BEGIN

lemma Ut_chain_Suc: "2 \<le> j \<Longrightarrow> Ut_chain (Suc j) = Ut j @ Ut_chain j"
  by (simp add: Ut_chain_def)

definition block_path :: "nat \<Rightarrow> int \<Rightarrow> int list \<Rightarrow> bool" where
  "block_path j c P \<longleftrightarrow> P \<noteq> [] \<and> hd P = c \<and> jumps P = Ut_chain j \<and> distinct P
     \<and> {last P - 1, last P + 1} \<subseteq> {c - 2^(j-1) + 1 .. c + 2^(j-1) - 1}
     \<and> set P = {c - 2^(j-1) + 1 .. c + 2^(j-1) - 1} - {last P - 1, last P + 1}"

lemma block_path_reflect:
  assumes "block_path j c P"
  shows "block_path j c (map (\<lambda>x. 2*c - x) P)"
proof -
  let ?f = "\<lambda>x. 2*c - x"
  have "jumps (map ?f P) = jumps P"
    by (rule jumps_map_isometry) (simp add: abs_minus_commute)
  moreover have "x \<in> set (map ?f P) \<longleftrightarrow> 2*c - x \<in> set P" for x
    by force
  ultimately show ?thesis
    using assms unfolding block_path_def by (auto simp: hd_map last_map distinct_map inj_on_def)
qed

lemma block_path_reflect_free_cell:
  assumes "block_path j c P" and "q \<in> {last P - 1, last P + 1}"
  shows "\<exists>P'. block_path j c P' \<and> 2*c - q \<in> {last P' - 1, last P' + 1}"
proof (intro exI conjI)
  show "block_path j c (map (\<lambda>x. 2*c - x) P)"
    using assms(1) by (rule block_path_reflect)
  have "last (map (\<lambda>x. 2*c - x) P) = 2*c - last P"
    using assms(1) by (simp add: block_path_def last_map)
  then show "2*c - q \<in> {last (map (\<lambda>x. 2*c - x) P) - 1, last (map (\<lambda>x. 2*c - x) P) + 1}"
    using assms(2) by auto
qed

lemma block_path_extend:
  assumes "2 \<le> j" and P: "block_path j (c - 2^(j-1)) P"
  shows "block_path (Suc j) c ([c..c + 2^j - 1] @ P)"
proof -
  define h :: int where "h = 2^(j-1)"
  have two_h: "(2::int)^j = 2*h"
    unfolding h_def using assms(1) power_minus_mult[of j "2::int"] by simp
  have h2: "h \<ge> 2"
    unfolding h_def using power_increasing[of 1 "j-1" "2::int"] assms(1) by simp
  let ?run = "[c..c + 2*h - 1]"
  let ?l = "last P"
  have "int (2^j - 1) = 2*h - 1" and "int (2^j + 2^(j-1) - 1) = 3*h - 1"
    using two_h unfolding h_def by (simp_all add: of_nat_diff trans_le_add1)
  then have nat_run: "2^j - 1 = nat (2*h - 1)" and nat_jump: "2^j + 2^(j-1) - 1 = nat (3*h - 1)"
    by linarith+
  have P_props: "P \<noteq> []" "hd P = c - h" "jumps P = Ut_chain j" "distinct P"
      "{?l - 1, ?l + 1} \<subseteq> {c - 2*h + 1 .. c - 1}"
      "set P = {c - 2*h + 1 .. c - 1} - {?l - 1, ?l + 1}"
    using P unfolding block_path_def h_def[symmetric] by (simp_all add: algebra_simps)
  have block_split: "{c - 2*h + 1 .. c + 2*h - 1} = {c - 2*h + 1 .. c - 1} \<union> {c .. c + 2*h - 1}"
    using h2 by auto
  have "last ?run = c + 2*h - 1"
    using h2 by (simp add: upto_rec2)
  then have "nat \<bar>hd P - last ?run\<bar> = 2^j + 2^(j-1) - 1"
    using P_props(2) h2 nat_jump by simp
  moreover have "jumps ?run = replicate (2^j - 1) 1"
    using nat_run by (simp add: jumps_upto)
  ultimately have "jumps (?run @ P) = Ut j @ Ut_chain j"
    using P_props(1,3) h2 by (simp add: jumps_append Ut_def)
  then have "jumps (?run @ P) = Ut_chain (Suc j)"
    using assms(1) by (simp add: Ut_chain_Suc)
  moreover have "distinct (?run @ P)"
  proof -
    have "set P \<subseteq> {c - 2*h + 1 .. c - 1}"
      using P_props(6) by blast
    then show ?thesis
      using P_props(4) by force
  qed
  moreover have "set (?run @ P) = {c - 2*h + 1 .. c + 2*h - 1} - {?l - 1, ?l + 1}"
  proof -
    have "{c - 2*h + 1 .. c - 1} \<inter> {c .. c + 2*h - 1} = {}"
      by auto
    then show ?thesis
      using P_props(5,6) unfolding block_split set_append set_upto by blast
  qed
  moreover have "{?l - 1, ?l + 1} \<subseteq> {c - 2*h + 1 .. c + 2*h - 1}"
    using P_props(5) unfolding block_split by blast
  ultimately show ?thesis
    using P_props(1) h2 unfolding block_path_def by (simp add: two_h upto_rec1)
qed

END
BEGIN

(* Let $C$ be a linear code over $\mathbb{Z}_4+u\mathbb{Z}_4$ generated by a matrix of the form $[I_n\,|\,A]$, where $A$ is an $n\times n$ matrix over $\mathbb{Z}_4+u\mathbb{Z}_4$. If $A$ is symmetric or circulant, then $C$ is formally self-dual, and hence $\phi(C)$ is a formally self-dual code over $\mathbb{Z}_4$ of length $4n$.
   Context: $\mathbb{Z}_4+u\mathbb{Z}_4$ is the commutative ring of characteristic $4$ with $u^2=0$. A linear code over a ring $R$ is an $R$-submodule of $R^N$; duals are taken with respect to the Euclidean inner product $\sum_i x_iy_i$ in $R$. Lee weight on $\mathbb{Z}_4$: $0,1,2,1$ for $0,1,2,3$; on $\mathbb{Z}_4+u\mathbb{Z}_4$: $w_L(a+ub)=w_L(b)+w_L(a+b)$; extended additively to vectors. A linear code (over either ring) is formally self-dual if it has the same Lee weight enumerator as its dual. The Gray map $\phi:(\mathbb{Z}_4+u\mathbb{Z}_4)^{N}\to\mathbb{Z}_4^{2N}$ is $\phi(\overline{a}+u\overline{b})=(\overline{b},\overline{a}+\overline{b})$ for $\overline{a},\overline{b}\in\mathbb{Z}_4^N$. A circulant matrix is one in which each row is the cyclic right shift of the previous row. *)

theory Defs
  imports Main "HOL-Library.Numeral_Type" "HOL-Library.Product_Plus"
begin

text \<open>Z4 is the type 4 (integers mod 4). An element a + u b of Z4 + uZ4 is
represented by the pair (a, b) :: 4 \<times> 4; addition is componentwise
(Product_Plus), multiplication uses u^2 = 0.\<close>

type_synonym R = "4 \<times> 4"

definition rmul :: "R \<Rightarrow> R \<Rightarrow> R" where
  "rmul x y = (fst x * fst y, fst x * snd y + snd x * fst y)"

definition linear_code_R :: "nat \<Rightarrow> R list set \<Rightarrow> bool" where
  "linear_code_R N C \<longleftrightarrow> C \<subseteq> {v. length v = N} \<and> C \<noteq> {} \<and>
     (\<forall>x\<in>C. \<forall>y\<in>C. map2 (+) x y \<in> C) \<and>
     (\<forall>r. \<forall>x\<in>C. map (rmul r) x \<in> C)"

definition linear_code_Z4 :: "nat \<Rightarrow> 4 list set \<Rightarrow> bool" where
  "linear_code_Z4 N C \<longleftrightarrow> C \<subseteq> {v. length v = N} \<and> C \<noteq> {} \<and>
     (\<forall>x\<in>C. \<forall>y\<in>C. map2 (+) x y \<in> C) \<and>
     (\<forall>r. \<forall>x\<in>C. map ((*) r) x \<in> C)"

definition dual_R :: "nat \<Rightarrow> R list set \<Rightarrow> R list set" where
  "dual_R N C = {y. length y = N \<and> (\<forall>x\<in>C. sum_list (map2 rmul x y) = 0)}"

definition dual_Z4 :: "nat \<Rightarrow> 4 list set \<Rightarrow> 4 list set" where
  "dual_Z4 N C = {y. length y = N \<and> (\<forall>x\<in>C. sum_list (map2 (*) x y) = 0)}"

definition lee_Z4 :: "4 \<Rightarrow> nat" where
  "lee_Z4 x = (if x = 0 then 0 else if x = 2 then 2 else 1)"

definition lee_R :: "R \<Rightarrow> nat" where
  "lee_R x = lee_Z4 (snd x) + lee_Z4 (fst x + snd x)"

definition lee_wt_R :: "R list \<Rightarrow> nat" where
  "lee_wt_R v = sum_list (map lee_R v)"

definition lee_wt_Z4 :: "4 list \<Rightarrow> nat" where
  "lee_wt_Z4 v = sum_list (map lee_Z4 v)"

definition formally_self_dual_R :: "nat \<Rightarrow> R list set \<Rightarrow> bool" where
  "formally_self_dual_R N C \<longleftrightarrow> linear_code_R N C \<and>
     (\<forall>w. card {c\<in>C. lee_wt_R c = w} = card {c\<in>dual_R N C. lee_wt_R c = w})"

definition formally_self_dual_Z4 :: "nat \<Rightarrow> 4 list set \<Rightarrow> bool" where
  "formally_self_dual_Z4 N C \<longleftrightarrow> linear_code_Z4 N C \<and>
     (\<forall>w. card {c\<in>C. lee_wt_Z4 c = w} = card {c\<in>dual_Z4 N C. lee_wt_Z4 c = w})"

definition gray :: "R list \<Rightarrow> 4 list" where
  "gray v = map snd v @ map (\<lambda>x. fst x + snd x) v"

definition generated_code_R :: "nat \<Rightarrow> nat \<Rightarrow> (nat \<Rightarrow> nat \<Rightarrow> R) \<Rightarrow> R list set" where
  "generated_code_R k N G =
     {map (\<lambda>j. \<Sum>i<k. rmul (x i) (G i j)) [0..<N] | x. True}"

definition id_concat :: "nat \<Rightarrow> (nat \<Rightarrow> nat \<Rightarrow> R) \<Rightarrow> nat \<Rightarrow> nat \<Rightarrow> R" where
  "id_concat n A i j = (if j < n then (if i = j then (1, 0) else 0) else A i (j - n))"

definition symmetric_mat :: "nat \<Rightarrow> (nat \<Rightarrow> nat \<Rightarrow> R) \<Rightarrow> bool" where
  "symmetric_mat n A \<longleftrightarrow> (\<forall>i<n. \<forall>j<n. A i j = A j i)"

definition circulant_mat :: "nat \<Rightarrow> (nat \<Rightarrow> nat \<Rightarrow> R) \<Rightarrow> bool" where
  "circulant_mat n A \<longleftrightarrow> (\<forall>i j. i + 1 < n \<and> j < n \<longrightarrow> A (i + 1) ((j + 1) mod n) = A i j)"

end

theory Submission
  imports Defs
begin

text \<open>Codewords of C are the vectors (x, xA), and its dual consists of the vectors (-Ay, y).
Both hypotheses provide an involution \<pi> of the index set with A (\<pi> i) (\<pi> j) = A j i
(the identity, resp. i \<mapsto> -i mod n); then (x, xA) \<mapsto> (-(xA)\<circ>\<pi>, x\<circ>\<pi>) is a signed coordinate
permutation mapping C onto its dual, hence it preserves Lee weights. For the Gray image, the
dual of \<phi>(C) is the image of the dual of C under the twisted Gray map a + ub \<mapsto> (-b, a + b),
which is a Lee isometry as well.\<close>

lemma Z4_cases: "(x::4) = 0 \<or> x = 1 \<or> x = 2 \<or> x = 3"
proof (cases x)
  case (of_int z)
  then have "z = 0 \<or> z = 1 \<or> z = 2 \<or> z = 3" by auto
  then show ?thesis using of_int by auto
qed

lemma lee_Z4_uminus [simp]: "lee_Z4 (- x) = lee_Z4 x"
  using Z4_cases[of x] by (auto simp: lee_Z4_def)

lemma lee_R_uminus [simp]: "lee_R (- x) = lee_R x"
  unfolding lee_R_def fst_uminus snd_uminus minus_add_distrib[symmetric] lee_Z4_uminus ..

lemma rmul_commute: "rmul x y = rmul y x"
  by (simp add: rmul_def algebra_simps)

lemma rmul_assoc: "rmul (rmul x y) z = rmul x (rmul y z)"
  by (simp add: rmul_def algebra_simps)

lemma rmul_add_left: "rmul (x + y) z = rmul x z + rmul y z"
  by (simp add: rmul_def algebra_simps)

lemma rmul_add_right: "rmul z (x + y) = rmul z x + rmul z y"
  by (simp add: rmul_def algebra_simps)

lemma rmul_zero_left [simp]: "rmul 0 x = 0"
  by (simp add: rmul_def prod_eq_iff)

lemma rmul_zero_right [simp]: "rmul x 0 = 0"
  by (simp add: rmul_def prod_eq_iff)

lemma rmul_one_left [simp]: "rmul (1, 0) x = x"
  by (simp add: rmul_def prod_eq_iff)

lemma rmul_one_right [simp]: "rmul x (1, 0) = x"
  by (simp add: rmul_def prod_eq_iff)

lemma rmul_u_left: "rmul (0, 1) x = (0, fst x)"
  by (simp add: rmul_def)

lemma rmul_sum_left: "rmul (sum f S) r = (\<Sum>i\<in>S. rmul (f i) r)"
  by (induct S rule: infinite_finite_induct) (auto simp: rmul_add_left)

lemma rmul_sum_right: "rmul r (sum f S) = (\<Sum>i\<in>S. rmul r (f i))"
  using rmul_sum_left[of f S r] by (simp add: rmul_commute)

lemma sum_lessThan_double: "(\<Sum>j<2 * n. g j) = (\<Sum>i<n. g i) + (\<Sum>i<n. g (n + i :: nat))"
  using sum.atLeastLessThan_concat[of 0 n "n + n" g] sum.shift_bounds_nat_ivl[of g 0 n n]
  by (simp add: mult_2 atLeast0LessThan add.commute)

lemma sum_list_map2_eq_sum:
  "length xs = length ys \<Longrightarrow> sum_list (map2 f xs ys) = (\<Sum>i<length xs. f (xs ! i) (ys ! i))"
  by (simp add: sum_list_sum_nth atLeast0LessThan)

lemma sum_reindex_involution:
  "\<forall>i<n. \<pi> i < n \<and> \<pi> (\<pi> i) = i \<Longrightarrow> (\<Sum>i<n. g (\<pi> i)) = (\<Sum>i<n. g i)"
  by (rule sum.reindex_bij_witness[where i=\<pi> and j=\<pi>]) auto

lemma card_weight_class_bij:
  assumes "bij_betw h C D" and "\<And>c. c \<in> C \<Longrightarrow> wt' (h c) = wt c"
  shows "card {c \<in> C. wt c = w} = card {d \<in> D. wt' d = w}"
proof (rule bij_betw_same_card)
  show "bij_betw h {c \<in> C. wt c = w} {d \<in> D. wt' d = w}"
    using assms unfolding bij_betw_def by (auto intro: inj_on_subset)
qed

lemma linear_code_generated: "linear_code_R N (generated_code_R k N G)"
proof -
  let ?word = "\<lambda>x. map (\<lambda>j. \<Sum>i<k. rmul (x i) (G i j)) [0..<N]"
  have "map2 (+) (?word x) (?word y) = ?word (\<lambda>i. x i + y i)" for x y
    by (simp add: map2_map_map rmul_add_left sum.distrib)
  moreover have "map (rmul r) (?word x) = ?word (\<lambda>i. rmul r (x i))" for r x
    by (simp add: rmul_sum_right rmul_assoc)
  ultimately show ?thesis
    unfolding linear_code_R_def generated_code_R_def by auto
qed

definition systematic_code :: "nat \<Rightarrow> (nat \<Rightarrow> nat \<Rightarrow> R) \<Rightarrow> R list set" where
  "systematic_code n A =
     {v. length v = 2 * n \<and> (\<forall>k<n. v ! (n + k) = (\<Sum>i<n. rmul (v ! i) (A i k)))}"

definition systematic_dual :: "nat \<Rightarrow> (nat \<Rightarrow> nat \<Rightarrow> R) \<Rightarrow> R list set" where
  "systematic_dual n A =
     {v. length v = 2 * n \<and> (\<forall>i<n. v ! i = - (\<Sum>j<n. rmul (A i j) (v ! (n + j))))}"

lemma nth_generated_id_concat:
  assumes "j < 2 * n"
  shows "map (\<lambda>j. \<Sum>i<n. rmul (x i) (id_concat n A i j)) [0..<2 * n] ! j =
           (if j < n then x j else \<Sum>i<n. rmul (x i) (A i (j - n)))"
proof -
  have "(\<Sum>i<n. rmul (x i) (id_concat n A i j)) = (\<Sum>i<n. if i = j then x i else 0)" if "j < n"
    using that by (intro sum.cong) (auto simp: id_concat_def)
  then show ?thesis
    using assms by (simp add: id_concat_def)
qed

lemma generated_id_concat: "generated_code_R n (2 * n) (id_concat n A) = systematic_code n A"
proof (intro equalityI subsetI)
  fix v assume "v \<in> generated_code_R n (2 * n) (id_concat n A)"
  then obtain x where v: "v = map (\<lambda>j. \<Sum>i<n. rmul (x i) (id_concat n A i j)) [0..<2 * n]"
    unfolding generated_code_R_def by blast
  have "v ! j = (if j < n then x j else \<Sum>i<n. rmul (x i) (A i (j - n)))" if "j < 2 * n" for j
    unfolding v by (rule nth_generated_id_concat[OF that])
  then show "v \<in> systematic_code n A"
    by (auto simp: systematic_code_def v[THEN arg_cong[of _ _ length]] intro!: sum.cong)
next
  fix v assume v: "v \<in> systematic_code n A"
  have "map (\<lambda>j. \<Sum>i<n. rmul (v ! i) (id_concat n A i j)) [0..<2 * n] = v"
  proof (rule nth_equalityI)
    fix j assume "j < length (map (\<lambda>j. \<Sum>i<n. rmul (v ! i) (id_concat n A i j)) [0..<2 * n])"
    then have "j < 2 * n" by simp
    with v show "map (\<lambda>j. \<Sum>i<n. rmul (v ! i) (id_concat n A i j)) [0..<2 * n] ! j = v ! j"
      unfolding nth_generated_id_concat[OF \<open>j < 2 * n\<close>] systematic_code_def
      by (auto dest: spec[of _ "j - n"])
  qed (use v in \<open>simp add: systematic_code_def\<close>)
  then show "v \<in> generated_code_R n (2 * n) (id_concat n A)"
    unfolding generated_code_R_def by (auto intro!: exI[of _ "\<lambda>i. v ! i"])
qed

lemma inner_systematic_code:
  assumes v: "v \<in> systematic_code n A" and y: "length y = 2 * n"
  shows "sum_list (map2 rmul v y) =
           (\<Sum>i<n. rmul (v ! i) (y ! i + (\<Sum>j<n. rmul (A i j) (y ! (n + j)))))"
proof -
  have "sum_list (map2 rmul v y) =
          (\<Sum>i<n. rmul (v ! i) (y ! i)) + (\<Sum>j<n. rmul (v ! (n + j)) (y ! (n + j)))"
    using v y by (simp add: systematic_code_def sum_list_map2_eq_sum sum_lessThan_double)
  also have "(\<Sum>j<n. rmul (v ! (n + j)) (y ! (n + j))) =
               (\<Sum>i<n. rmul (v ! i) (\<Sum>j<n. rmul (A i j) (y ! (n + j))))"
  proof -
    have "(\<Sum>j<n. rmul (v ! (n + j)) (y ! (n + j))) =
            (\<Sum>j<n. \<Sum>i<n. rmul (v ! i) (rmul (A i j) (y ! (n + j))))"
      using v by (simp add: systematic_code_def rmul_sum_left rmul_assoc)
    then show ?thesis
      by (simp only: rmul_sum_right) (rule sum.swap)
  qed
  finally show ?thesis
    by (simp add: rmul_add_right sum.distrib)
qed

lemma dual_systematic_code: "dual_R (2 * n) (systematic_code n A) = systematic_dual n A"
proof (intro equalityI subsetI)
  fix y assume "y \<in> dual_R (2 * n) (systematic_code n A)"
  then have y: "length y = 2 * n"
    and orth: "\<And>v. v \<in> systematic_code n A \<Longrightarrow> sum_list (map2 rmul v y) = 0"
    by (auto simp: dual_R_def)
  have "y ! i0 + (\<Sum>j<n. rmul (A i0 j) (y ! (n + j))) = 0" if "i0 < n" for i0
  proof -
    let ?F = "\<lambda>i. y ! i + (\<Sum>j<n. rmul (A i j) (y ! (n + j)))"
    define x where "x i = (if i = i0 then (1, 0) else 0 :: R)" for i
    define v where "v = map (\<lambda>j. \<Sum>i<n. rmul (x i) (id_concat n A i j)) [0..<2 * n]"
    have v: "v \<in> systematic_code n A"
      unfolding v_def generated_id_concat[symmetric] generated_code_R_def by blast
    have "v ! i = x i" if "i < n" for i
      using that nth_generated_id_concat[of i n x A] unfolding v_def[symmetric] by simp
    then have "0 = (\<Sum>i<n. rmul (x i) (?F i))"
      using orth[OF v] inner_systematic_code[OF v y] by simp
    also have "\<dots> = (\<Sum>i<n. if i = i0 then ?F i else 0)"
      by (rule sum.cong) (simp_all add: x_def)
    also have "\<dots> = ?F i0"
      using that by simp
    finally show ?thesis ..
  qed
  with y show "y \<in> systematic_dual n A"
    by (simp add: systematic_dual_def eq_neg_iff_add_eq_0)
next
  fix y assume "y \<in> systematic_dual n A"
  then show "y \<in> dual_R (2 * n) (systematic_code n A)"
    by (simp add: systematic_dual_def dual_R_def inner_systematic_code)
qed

END
BEGIN

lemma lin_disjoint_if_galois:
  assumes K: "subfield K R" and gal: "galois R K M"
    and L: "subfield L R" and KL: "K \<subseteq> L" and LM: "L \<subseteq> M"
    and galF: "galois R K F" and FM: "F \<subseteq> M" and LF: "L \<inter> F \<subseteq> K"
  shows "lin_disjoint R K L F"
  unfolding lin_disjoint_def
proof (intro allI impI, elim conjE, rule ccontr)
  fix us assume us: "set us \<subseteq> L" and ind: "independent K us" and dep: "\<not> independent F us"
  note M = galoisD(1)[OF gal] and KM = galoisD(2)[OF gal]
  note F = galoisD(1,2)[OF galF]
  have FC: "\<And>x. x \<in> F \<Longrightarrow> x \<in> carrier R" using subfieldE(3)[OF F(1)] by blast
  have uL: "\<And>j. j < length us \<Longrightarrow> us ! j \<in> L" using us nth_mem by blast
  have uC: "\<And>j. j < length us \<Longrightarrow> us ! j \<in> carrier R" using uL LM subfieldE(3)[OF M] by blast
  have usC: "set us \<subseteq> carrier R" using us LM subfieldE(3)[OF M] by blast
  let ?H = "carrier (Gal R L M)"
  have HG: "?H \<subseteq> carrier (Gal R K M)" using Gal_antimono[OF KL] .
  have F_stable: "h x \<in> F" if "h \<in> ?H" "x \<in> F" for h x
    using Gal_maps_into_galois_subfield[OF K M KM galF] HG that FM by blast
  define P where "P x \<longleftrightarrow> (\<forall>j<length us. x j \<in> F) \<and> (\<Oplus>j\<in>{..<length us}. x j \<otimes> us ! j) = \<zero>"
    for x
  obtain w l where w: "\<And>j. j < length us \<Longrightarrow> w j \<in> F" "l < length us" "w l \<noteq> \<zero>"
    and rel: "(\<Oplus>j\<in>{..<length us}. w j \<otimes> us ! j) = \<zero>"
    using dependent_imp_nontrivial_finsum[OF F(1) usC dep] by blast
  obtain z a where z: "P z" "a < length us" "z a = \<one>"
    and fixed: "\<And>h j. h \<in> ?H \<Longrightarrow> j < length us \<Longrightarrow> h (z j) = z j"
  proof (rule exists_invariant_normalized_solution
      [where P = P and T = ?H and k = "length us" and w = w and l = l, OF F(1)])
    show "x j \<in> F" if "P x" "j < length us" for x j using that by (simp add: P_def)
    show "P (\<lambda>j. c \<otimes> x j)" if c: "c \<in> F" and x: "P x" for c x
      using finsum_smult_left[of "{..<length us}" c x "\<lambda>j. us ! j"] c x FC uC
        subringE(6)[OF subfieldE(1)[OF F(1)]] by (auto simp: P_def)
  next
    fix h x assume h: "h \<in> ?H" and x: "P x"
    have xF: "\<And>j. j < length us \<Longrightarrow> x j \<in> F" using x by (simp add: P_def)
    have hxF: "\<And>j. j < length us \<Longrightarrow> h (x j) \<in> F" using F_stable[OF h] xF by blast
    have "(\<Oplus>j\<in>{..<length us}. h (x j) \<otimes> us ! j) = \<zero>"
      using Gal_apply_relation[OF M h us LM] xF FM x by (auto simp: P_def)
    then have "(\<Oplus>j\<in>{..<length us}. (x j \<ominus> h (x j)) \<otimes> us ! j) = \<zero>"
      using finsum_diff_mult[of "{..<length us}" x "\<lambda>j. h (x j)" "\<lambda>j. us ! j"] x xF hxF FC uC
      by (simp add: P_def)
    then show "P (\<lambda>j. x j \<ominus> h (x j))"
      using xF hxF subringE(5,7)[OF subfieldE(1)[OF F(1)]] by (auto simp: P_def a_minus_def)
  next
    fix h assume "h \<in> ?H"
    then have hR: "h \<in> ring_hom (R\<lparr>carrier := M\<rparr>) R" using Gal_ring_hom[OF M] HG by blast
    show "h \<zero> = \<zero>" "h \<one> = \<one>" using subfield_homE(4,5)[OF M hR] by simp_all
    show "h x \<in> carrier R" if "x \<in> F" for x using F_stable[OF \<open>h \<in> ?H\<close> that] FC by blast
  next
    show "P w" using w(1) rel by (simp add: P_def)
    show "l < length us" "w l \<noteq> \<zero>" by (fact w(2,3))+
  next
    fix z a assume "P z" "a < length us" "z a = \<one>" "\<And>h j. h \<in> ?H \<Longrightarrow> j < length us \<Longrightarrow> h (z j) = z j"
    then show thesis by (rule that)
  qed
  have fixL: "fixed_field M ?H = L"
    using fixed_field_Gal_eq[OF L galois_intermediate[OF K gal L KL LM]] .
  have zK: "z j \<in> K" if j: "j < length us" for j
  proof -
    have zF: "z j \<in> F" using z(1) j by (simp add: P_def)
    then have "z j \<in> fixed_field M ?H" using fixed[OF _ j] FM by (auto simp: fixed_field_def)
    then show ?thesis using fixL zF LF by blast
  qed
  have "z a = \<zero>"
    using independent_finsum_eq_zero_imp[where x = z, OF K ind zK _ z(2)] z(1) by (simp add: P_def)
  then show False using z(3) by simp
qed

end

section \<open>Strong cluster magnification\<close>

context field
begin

END

--- Aim of the task ---
In the records above, the line with "fix us assume" marks the start and the line with "(\<lambda>j. c \<otimes>" marks the end; copy that stretch exactly, both lines included, and nothing else.

--- Problem solution ---
  fix us assume us: "set us \<subseteq> L" and ind: "independent K us" and dep: "\<not> independent F us"
  note M = galoisD(1)[OF gal] and KM = galoisD(2)[OF gal]
  note F = galoisD(1,2)[OF galF]
  have FC: "\<And>x. x \<in> F \<Longrightarrow> x \<in> carrier R" using subfieldE(3)[OF F(1)] by blast
  have uL: "\<And>j. j < length us \<Longrightarrow> us ! j \<in> L" using us nth_mem by blast
  have uC: "\<And>j. j < length us \<Longrightarrow> us ! j \<in> carrier R" using uL LM subfieldE(3)[OF M] by blast
  have usC: "set us \<subseteq> carrier R" using us LM subfieldE(3)[OF M] by blast
  let ?H = "carrier (Gal R L M)"
  have HG: "?H \<subseteq> carrier (Gal R K M)" using Gal_antimono[OF KL] .
  have F_stable: "h x \<in> F" if "h \<in> ?H" "x \<in> F" for h x
    using Gal_maps_into_galois_subfield[OF K M KM galF] HG that FM by blast
  define P where "P x \<longleftrightarrow> (\<forall>j<length us. x j \<in> F) \<and> (\<Oplus>j\<in>{..<length us}. x j \<otimes> us ! j) = \<zero>"
    for x
  obtain w l where w: "\<And>j. j < length us \<Longrightarrow> w j \<in> F" "l < length us" "w l \<noteq> \<zero>"
    and rel: "(\<Oplus>j\<in>{..<length us}. w j \<otimes> us ! j) = \<zero>"
    using dependent_imp_nontrivial_finsum[OF F(1) usC dep] by blast
  obtain z a where z: "P z" "a < length us" "z a = \<one>"
    and fixed: "\<And>h j. h \<in> ?H \<Longrightarrow> j < length us \<Longrightarrow> h (z j) = z j"
  proof (rule exists_invariant_normalized_solution
      [where P = P and T = ?H and k = "length us" and w = w and l = l, OF F(1)])
    show "x j \<in> F" if "P x" "j < length us" for x j using that by (simp add: P_def)
    show "P (\<lambda>j. c \<otimes> x j)" if c: "c \<in> F" and x: "P x" for c x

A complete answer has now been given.